Task to complete:
Pull out each line of the data that includes the word "lemma".

Task input:
lemma noise_eq_partial_noise:
  assumes "i < n"
  shows "noise n e g y = (1 - e) * partial_noise n e i g y + e * partial_noise n e i g (flip i y)"
proof -
  have "noise n e g y = (\<Sum>z\<in>{z\<in>cube n. \<not> z i}.
      (1 - e) * (bern_rest n e i z * g (xadd y z)) + e * (bern_rest n e i z * g (xadd (flip i y) z)))"
    unfolding noise_def sum_cube_edges[OF assms]
    by (rule sum.cong) (simp_all add: bern_eq_bern_rest[OF assms] bern_rest_flip xadd_flip)
  then show ?thesis
    by (simp add: partial_noise_def sum.distrib sum_distrib_left)
qed

lemma convex_on_add_le_spread:
  fixes f :: "real \<Rightarrow> real"
  assumes f: "convex_on I f" and ab: "a \<in> I" "b \<in> I"
    and c: "a \<le> c" "c \<le> b" and cd: "c + d = a + b"
  shows "f c + f d \<le> f a + f b"
proof (cases "a = b")
  case True
  then show ?thesis
    using c cd by simp
next
  case False
  then have "a < b"
    using c by linarith
  define t where "t = (c - a) / (b - a)"
  have t: "0 \<le> t" "t \<le> 1"
    using \<open>a < b\<close> c by (auto simp: t_def divide_simps)
  have "t * (b - a) = c - a"
    using \<open>a < b\<close> by (simp add: t_def)
  then have "c = (1 - t) * a + t * b" "d = (1 - (1 - t)) * a + (1 - t) * b"
    using cd by (simp_all add: algebra_simps)
  then have "f c \<le> (1 - t) * f a + t * f b" "f d \<le> (1 - (1 - t)) * f a + (1 - t) * f b"
    using convex_onD[OF f t ab] convex_onD[OF f _ _ ab, of "1 - t"] t by simp_all
  then show ?thesis
    by (simp add: algebra_simps)
qed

Solution below:
lemma noise_eq_partial_noise:
lemma convex_on_add_le_spread:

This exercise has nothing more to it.